§ What needs to be done:
Gather every line below where "length" appears.

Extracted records
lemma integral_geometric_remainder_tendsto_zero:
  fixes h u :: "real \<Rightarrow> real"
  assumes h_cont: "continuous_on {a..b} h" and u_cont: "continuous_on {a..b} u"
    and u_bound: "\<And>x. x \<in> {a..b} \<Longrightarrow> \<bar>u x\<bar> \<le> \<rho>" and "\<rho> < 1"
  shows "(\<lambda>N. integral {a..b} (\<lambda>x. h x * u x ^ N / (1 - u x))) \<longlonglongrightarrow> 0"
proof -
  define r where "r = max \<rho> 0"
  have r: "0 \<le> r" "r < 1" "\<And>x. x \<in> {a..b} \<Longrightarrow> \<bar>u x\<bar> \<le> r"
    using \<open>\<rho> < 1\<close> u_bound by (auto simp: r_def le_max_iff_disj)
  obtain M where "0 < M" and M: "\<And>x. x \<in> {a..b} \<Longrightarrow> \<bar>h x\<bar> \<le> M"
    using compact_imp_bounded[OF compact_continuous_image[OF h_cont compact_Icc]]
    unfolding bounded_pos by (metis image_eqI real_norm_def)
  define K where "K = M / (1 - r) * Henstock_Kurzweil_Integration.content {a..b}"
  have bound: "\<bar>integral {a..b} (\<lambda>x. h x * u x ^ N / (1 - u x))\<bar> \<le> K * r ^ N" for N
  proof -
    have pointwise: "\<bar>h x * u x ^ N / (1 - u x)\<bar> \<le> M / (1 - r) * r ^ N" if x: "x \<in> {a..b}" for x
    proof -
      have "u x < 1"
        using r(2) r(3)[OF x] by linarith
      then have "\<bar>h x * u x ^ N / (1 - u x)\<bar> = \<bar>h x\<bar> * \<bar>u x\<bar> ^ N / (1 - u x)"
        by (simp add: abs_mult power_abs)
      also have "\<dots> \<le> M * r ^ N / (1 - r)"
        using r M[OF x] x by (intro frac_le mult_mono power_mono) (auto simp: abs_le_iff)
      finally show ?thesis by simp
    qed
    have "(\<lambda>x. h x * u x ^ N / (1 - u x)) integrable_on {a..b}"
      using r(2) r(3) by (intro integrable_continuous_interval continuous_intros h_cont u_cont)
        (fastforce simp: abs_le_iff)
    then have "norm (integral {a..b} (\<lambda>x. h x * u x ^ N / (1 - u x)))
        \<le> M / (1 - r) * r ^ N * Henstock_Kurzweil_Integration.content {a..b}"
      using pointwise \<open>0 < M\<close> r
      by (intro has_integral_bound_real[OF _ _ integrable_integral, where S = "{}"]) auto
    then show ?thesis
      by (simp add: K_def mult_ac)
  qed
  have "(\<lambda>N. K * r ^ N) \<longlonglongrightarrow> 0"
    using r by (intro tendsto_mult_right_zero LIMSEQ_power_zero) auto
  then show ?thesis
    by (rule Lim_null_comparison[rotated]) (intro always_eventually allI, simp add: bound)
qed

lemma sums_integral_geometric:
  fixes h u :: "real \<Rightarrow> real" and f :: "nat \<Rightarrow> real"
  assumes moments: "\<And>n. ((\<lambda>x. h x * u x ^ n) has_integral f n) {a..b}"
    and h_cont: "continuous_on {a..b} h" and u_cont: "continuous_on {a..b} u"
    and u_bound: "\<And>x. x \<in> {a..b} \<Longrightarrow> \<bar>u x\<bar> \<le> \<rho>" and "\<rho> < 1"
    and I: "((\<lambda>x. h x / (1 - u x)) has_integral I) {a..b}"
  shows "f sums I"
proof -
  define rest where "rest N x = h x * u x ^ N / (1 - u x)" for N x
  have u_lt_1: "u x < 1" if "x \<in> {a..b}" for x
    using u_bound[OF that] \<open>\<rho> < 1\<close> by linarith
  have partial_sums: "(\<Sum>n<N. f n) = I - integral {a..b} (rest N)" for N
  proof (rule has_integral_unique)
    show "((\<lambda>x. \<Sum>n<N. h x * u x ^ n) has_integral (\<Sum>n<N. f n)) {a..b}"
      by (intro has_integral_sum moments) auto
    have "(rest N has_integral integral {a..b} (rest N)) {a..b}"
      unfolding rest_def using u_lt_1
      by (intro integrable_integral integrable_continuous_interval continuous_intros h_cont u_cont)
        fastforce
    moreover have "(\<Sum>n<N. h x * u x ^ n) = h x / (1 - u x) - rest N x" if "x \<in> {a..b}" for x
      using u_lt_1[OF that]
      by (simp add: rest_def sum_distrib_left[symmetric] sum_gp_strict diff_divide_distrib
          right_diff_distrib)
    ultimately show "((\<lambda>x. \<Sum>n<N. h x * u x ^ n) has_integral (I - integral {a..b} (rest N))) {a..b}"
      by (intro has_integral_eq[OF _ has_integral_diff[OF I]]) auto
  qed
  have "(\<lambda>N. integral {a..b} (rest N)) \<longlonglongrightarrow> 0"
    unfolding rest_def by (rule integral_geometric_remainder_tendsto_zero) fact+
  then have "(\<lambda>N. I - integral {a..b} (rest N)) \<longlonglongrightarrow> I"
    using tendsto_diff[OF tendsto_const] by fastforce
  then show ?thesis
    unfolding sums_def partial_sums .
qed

==

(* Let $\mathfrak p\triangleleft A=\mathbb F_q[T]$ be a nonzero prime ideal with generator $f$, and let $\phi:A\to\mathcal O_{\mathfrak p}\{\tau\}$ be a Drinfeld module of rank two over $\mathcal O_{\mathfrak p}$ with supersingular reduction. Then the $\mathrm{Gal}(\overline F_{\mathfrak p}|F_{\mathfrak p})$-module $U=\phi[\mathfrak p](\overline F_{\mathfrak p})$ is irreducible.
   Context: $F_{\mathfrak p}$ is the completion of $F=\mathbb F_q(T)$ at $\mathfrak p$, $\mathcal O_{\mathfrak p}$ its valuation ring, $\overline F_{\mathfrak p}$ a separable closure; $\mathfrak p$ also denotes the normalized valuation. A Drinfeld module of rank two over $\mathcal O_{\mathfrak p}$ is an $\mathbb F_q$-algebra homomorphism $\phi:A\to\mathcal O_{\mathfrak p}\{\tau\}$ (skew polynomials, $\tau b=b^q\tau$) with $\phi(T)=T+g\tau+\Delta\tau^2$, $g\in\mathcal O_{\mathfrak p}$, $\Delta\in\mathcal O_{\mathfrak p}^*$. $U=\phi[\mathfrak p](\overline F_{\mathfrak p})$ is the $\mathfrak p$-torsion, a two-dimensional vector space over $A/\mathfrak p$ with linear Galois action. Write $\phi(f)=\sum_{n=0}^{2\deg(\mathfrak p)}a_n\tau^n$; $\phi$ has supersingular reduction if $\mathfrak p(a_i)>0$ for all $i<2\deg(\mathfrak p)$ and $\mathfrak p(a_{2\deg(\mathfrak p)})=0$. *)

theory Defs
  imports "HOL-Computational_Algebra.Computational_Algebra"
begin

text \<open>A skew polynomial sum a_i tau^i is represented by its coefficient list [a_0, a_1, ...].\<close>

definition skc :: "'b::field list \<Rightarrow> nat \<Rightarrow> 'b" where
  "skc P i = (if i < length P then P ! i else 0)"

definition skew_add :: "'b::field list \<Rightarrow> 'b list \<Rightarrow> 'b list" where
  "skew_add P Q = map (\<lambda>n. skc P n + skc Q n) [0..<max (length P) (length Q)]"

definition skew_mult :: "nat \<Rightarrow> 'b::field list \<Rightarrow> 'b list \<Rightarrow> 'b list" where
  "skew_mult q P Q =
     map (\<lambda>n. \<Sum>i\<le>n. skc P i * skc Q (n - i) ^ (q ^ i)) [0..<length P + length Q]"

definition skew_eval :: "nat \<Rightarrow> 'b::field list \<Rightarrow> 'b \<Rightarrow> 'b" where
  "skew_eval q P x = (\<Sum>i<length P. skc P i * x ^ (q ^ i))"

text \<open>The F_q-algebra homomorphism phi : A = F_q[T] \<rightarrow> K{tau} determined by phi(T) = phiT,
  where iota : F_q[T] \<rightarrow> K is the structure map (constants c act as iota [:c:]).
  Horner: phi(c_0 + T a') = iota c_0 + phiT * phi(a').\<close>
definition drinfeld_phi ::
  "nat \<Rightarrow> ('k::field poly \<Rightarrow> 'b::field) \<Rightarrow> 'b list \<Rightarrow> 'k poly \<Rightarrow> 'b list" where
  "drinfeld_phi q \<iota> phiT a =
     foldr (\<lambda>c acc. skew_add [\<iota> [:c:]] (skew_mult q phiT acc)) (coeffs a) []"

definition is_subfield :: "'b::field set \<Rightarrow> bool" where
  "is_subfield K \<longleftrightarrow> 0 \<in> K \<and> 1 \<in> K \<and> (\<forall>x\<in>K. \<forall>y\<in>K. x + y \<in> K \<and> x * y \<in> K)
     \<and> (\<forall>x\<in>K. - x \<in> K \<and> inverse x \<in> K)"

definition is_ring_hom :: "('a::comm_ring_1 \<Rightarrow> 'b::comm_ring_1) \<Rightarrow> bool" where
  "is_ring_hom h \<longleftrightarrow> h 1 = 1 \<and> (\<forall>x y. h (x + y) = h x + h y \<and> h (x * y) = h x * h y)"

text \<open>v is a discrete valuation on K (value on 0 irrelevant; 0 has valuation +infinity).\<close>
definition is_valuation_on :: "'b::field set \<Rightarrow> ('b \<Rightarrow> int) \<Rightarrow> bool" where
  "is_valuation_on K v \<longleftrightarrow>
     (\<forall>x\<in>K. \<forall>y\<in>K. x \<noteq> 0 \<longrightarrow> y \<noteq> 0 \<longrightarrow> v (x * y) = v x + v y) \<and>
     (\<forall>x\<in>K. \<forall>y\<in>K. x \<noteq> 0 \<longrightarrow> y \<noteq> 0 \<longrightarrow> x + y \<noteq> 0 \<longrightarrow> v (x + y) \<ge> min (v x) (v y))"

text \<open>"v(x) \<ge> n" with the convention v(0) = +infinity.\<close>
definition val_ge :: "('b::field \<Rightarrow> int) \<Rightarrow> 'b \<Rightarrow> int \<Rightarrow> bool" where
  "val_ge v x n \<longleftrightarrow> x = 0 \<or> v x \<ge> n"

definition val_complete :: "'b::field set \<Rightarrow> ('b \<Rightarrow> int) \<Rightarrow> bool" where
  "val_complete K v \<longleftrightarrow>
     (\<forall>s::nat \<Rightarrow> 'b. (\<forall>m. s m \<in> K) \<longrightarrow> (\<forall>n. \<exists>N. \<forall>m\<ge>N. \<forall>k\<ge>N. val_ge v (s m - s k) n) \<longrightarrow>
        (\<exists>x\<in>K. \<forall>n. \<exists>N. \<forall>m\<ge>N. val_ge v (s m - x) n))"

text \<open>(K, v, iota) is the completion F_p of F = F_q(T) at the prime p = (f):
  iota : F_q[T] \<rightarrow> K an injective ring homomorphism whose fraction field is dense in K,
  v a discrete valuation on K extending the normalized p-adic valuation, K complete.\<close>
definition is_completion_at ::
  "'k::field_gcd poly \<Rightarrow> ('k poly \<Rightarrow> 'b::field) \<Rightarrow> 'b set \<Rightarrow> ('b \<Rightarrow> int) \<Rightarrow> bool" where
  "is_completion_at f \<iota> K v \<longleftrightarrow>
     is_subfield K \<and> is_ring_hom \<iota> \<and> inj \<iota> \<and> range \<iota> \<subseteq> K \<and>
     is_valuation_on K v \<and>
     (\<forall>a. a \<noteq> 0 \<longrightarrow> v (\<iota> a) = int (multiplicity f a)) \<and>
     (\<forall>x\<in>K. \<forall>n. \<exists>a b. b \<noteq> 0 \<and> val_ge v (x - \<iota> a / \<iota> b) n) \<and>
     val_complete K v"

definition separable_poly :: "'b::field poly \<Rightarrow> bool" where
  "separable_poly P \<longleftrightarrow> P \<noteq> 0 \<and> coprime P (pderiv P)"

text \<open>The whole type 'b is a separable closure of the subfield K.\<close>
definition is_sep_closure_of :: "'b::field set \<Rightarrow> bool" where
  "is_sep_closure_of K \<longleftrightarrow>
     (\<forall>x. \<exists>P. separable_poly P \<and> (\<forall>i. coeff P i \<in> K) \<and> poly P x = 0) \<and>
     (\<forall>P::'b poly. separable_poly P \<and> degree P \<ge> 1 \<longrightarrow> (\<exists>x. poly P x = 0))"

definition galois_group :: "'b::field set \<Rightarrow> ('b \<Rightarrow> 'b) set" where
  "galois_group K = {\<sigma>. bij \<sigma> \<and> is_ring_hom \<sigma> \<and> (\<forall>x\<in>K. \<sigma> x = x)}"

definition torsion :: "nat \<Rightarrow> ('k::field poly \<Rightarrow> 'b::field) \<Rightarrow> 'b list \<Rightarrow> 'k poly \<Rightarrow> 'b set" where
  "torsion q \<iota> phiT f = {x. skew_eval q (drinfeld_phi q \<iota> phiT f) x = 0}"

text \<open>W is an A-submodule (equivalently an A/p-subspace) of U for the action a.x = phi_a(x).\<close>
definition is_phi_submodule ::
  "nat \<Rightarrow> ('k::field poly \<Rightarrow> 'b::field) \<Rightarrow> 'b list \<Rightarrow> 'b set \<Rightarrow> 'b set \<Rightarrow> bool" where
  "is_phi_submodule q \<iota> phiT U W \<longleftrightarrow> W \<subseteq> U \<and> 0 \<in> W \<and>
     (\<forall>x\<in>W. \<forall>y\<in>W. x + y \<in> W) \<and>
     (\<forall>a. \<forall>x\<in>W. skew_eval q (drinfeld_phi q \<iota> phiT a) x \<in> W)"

§ Worked solution:
  "skc P i = (if i < length P then P ! i else 0)"
  "skew_add P Q = map (\<lambda>n. skc P n + skc Q n) [0..<max (length P) (length Q)]"
     map (\<lambda>n. \<Sum>i\<le>n. skc P i * skc Q (n - i) ^ (q ^ i)) [0..<length P + length Q]"
  "skew_eval q P x = (\<Sum>i<length P. skc P i * x ^ (q ^ i))"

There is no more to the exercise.